While yet, however, in the state of formation as regards this resolution, I went frequently to the theatre—or school of morals, as its friends have humorously called it. I will not say whether any desired amelioration took place or not in my own morals through the agency of the stage; but if not enlightened and refined by everything I saw there, I sometimes was certainly very much surprised. Now that I go no more, or very, very rarely, I avail myself of the resulting leisure to set down, for the instruction of posterity, some account of performances I witnessed in the years 1868-69, which I am persuaded will grow all the more curious, if not incredible, with the lapse of time.

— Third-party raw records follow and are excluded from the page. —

(* Let $p$ be a prime and $n=p^2$. Let $G=\mathrm{Circ}(a_0,\ldots,a_{n-1})$ be a Hermitian circulant with universal perfect state transfer. Then $a_j\neq 0$ for all $j\neq 0$.
   Context: $\mathrm{Circ}(a_0,\ldots,a_{n-1})$ denotes the $n\times n$ matrix $C$ with $C_{j,k}=a_{k-j}$ (indices mod $n$). A graph with Hermitian adjacency matrix $A$ has universal perfect state transfer if for every pair of vertices $v,w$ there is $t>0$ with $|\langle w|e^{-\mathtt{i} At}|v\rangle|=1$. *)

theory Defs
  imports "Jordan_Normal_Form.Matrix" "HOL-Computational_Algebra.Primes"
begin

definition circ :: "nat \<Rightarrow> (nat \<Rightarrow> complex) \<Rightarrow> complex mat" where
  "circ n a = mat n n (\<lambda>(j,k). a ((k + n - j) mod n))"

definition hermitian_mat :: "complex mat \<Rightarrow> bool" where
  "hermitian_mat A \<longleftrightarrow> dim_row A = dim_col A \<and>
     (\<forall>j<dim_row A. \<forall>k<dim_row A. A $$ (j,k) = cnj (A $$ (k,j)))"

definition mat_exp :: "complex mat \<Rightarrow> complex mat" where
  "mat_exp M = mat (dim_row M) (dim_col M)
     (\<lambda>(i,j). (\<Sum>k. (M ^\<^sub>m k) $$ (i,j) / of_nat (fact k)))"

definition universal_PST :: "complex mat \<Rightarrow> bool" where
  "universal_PST A \<longleftrightarrow> (\<forall>v<dim_row A. \<forall>w<dim_row A. v \<noteq> w \<longrightarrow>
     (\<exists>t::real. t > 0 \<and>
        cmod (mat_exp ((- \<i> * complex_of_real t) \<cdot>\<^sub>m A) $$ (w,v)) = 1))"

end

(* The circulant A is diagonalised by the Fourier vectors (\<omega>^(k i))_i, \<omega> = e^(2\<pi>i/n), with
   eigenvalues \<lambda>_k = \<Sum>_e a_e \<omega>^(k e), which are real since A is Hermitian. The (1,0) entry of
   e^(-itA) is the mean of the unit numbers e^(-it\<lambda>_k) \<omega>^k, so perfect state transfer from 0 to 1
   forces them to be equal: \<lambda>_k = \<lambda>_0 + c (k - n N_k) with c = 2\<pi>/(nt) \<noteq> 0 and integers N_k.
   If a_j = 0 with 0 < j < n, Fourier inversion 0 = n a_j = \<Sum>_k \<lambda>_k \<zeta>^k with \<zeta> = \<omega>^(-j) \<noteq> 1,
   together with (\<zeta> - 1) \<Sum>_k k \<zeta>^k = n, makes \<zeta> - 1 a unit of \<int>[\<zeta>]. For n = p^m this is
   impossible: (\<zeta> - 1)^n \<in> p \<int>[\<zeta>] since p divides the inner binomial coefficients, and p is not
   a unit of \<int>[\<zeta>]. *)

theory Submission
  imports Defs "Jordan_Normal_Form.Char_Poly" "HOL-Number_Theory.Cong"
begin

section \<open>Roots of unity\<close>

lemma cis_eq_1_imp_multiple_2pi:
  assumes "cis \<theta> = 1"
  obtains m :: int where "\<theta> = 2 * pi * real_of_int m"
proof -
  have "cos \<theta> = 1" using assms by (simp add: complex_eq_iff)
  then obtain m :: int where "\<theta> = real_of_int m * 2 * pi" using cos_one_2pi_int by blast
  then show ?thesis using that by (simp add: mult_ac)
qed

definition unit_root :: "nat \<Rightarrow> complex" where
  "unit_root n = cis (2 * pi / real n)"

lemma unit_root_power: "unit_root n ^ k = cis (2 * pi * real k / real n)"
  unfolding unit_root_def DeMoivre by (simp add: field_simps)

lemma unit_root_power_eq_1_iff:
  assumes "n > 0"
  shows "unit_root n ^ k = 1 \<longleftrightarrow> n dvd k"
proof
  assume "unit_root n ^ k = 1"
  then obtain m :: int where "2 * pi * real k / real n = 2 * pi * real_of_int m"
    unfolding unit_root_power by (rule cis_eq_1_imp_multiple_2pi)
  then have "real_of_int (int k) = real_of_int (m * int n)" using assms by (simp add: field_simps)
  then have "int k = m * int n" by (simp only: of_int_eq_iff)
  then show "n dvd k" by (metis dvd_triv_right int_dvd_int_iff)
next
  assume "n dvd k"
  then obtain m where "k = n * m" ..
  then have "unit_root n ^ k = (unit_root n ^ n) ^ m" by (simp add: power_mult)
  also have "unit_root n ^ n = 1" using assms by (simp add: unit_root_power)
  finally show "unit_root n ^ k = 1" by simp
qed

lemma unit_root_power_power_eq_1: "(unit_root n ^ k) ^ n = 1"
  by (cases "n = 0") (simp_all add: power_mult[symmetric] unit_root_power_eq_1_iff)

lemma power_mod_eq_if_power_eq_1:
  fixes z :: "'a :: monoid_mult"
  assumes "z ^ n = 1"
  shows "z ^ (m mod n) = z ^ m"
proof -
  have "z ^ m = (z ^ n) ^ (m div n) * z ^ (m mod n)"
    by (metis mult_div_mod_eq power_add power_mult)
  then show ?thesis using assms by simp
qed

lemma sum_powers_root_of_unity:
  fixes z :: "'a :: field"
  assumes "z ^ n = 1" "z \<noteq> 1"
  shows "(\<Sum>k<n. z ^ k) = 0"
  using geometric_sum[OF assms(2), of n] assms(1) by simp

lemma sum_powers_unit_root_power:
  assumes "l < n"
  shows "(\<Sum>k<n. (unit_root n ^ l) ^ k) = (if l = 0 then of_nat n else 0)"
proof (cases "l = 0")
  case False
  then have "unit_root n ^ l \<noteq> 1"
    using assms by (simp add: unit_root_power_eq_1_iff nat_dvd_not_less)
  then show ?thesis using False sum_powers_root_of_unity[OF unit_root_power_power_eq_1] by simp
qed simp

lemma sub_one_mult_sum_index_powers:
  fixes z :: "'a :: field"
  assumes "z ^ n = 1" "z \<noteq> 1"
  shows "(z - 1) * (\<Sum>k<n. of_nat k * z ^ k) = of_nat n"
proof -
  have "(z - 1) * (\<Sum>k<m. of_nat k * z ^ k) = (of_nat m - 1) * z ^ m + 1 - (\<Sum>k<m. z ^ k)" for m
    by (induction m) (auto simp: algebra_simps)
  then show ?thesis using assms sum_powers_root_of_unity by simp
qed

lemma add_diff_mod_eq_0_iff:
  fixes i j n :: nat
  assumes "i < n" "j < n"
  shows "(j + n - i) mod n = 0 \<longleftrightarrow> i = j"
proof
  assume h: "(j + n - i) mod n = 0"
  show "i = j"
  proof (cases "i \<le> j")
    case True
    then have "j + n - i = j - i + n" by arith
    then have "(j + n - i) mod n = (j - i + n) mod n" by simp
    also have "\<dots> = j - i" using assms by simp
    finally show ?thesis using h True by simp
  next
    case False
    then have "(j + n - i) mod n = j + n - i" using assms by (intro mod_less) simp
    then show ?thesis using h False assms by simp
  qed
qed simp

section \<open>Spectrum of a circulant\<close>

definition fourier_vec :: "nat \<Rightarrow> complex \<Rightarrow> complex vec" where
  "fourier_vec n z = vec n (\<lambda>i. z ^ i)"

definition circ_eigenvalue :: "nat \<Rightarrow> (nat \<Rightarrow> complex) \<Rightarrow> complex \<Rightarrow> complex" where
  "circ_eigenvalue n a z = (\<Sum>e<n. a e * z ^ e)"

lemma circ_carrier_mat [simp]: "circ n a \<in> carrier_mat n n"
  unfolding circ_def by simp

lemma circ_mult_fourier_vec:
  assumes z: "z ^ n = 1"
  shows "circ n a *\<^sub>v fourier_vec n z = circ_eigenvalue n a z \<cdot>\<^sub>v fourier_vec n z"
proof (rule eq_vecI)
  fix i assume "i < dim_vec (circ_eigenvalue n a z \<cdot>\<^sub>v fourier_vec n z)"
  then have i: "i < n" by (simp add: fourier_vec_def)
  have "(circ n a *\<^sub>v fourier_vec n z) $ i = (\<Sum>l<n. a ((l + n - i) mod n) * z ^ l)"
    using i by (simp add: circ_def fourier_vec_def scalar_prod_def lessThan_atLeast0 mult.commute)
  also have "\<dots> = (\<Sum>e<n. a e * z ^ (e + i))"
  proof (rule sum.reindex_bij_witness[of _ "\<lambda>e. (e + i) mod n" "\<lambda>l. (l + n - i) mod n"])
    fix l assume l: "l \<in> {..<n}"
    show inv: "((l + n - i) mod n + i) mod n = l"
      using i l by (simp add: mod_add_left_eq)
    show "(l + n - i) mod n \<in> {..<n}" using i by simp
    have "z ^ ((l + n - i) mod n + i) = z ^ l"
      using inv power_mod_eq_if_power_eq_1[OF z] by metis
    then show "a ((l + n - i) mod n) * z ^ ((l + n - i) mod n + i) = a ((l + n - i) mod n) * z ^ l"
      by simp
  next
    fix e assume e: "e \<in> {..<n}"
    have "((e + i) mod n + n - i) mod n = ((e + i) mod n + (n - i)) mod n" using i by simp
    also have "\<dots> = (e + i + (n - i)) mod n" by (simp add: mod_add_left_eq)
    also have "\<dots> = e" using e i by simp
    finally show "((e + i) mod n + n - i) mod n = e" using e by simp
    show "(e + i) mod n \<in> {..<n}" using i by simp
  qed
  also have "\<dots> = circ_eigenvalue n a z * z ^ i"
    unfolding circ_eigenvalue_def sum_distrib_right by (simp add: power_add mult.assoc)
  finally show "(circ n a *\<^sub>v fourier_vec n z) $ i = (circ_eigenvalue n a z \<cdot>\<^sub>v fourier_vec n z) $ i"
    using i by (simp add: fourier_vec_def)
qed (simp add: circ_def fourier_vec_def)

lemma fourier_vec_neq_0:
  assumes "n > 0"
  shows "fourier_vec n z \<noteq> 0\<^sub>v n"
proof -
  have "fourier_vec n z $ 0 \<noteq> 0\<^sub>v n $ 0" using assms by (simp add: fourier_vec_def)
  then show ?thesis by metis
qed

lemma eigenvector_circ_fourier_vec:
  assumes "n > 0" "z ^ n = 1"
  shows "eigenvector (circ n a) (fourier_vec n z) (circ_eigenvalue n a z)"
  using circ_mult_fourier_vec[OF assms(2)] fourier_vec_neq_0[OF assms(1)]
  by (simp add: eigenvector_def circ_def fourier_vec_def)

lemma hermitian_circD:
  assumes "hermitian_mat (circ n a)" "e < n"
  shows "a ((n - e) mod n) = cnj (a e)"
proof -
  have dim: "dim_row (circ n a) = n" by (simp add: circ_def)
  have "circ n a $$ (e, 0) = cnj (circ n a $$ (0, e))"
    using assms(1)[unfolded hermitian_mat_def dim] assms(2) by (metis gr_zeroI not_less_zero)
  moreover have "circ n a $$ (e, 0) = a ((n - e) mod n)" "circ n a $$ (0, e) = a e"
    using assms(2) by (simp_all add: circ_def)
  ultimately show ?thesis by simp
qed

lemma circ_eigenvalue_real:
  assumes herm: "hermitian_mat (circ n a)" and z: "z ^ n = 1"
  shows "circ_eigenvalue n a z \<in> \<real>"
proof (cases "n = 0")
  case False
  have "cmod z ^ n = 1" using z by (metis norm_one norm_power)
  then have "cmod z = 1" using False power_eq_imp_eq_base[of "cmod z" n 1] by simp
  then have unit: "cnj z * z = 1" by (metis complex_norm_square mult.commute of_real_1 power_one)
  have cnj_power: "cnj z ^ e = z ^ ((n - e) mod n)" if "e < n" for e
  proof -
    have "z ^ ((n - e) mod n) * z ^ e = 1"
      using z that by (simp add: power_mod_eq_if_power_eq_1 power_add[symmetric])
    moreover have "cnj z ^ e * z ^ e = 1" using unit by (simp add: power_mult_distrib[symmetric])
    moreover have "z ^ e \<noteq> 0" using unit by auto
    ultimately show ?thesis by (metis mult_cancel_right)
  qed
  have reflect: "(n - (n - e) mod n) mod n = e" if "e < n" for e
    using that by (cases "e = 0") (auto simp: mod_if)
  have "cnj (circ_eigenvalue n a z) = (\<Sum>e<n. a ((n - e) mod n) * z ^ ((n - e) mod n))"
    unfolding circ_eigenvalue_def cnj_sum
    by (intro sum.cong refl) (simp add: hermitian_circD[OF herm] cnj_power)
  also have "\<dots> = circ_eigenvalue n a z"
    unfolding circ_eigenvalue_def
    by (rule sum.reindex_bij_witness[of _ "\<lambda>e. (n - e) mod n" "\<lambda>e. (n - e) mod n"])
      (use False reflect in auto)
  finally show ?thesis by (simp add: Reals_cnj_iff)
qed (simp add: circ_eigenvalue_def)

lemma circ_eigenvalue_inversion:
  assumes j: "j < n"
  shows "(\<Sum>k<n. circ_eigenvalue n a (unit_root n ^ k) * (unit_root n ^ (n - j)) ^ k)
    = of_nat n * a j"
proof -
  let ?\<omega> = "unit_root n"
  have twist: "(?\<omega> ^ k) ^ e * (?\<omega> ^ (n - j)) ^ k = (?\<omega> ^ ((e + n - j) mod n)) ^ k" for k e
  proof -
    have "(?\<omega> ^ k) ^ e * (?\<omega> ^ (n - j)) ^ k = (?\<omega> ^ (e + n - j)) ^ k"
      using j by (simp only: power_mult[symmetric] power_add[symmetric])
        (simp add: algebra_simps Nat.add_diff_assoc)
    also have "\<dots> = (?\<omega> ^ ((e + n - j) mod n)) ^ k"
      using power_mod_eq_if_power_eq_1[OF unit_root_power_power_eq_1[of n 1]] by simp
    finally show ?thesis .
  qed
  have "(\<Sum>k<n. circ_eigenvalue n a (?\<omega> ^ k) * (?\<omega> ^ (n - j)) ^ k)
      = (\<Sum>e<n. a e * (\<Sum>k<n. (?\<omega> ^ ((e + n - j) mod n)) ^ k))"
    unfolding circ_eigenvalue_def sum_distrib_right sum_distrib_left
    by (subst sum.swap) (simp only: mult.assoc twist)
  also have "\<dots> = (\<Sum>e<n. if e = j then a e * of_nat n else 0)"
    using j by (intro sum.cong refl)
      (simp add: sum_powers_unit_root_power add_diff_mod_eq_0_iff eq_commute[of j])
  also have "\<dots> = of_nat n * a j" using j by (simp add: mult.commute)
  finally show ?thesis .
qed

There is this satisfaction in living, namely, that whatever we do will one day wear an air of picturesqueness and romance, and will win the fancy of people coming after us. This stupid and commonplace present shall yet appear the fascinating past; and is it not a pleasure to think how our rogues of descendants—who are to enjoy us aesthetically—will be taken in with us, when they read, in the files of old newspapers, of the quantity of entertainment offered us at the theatres during the years mentioned, and judge us by it? I imagine them two hundred years hence looking back at us, and sighing, “Ah! there was a touch of the old Greek life in those Athenians! How they loved the drama in the jolly Boston of that day! That was the golden age of the theatre: in the winter of 1868-69, they had dramatic performances in seven places, of every degree of excellence, and the managers coined money.” As we always figure our ancestors going to and from church, they will probably figure us thronging the doors of theatres, and no doubt there will be some historical gossiper among them to sketch a Boston audience in 1869, with all our famous poets and politicians grouped together in the orchestra seats, and several now dead introduced with the pleasant inaccuracy and uncertainty of historical gossipers. “On this night, when the beautiful Tostée reappeared, the whole house rose to greet her. If Mr. Alcott was on one of his winter visits to Boston, no doubt he stepped in from the Marlborough House,—it was a famous temperance hotel, then in the height of its repute,—not only to welcome back the great actress, but to enjoy a chat between the acts with his many friends. Here, doubtless, was seen the broad forehead of Webster; there the courtly Everett, conversing in studied tones with the gifted So-and-so. Did not the lovely Such-a-one grace the evening with her presence? The brilliant and versatile Edmund Kirke was dead; but the humorous Artemas Ward and his friend Nasby may have attracted many eyes, having come hither at the close of their lectures, to testify their love of the beautiful in nature and art; while, perhaps, Mr. Sumner, in the intervals of state cares, relaxed into the enjoyment,” etc. “Vous voyez bien le tableau!”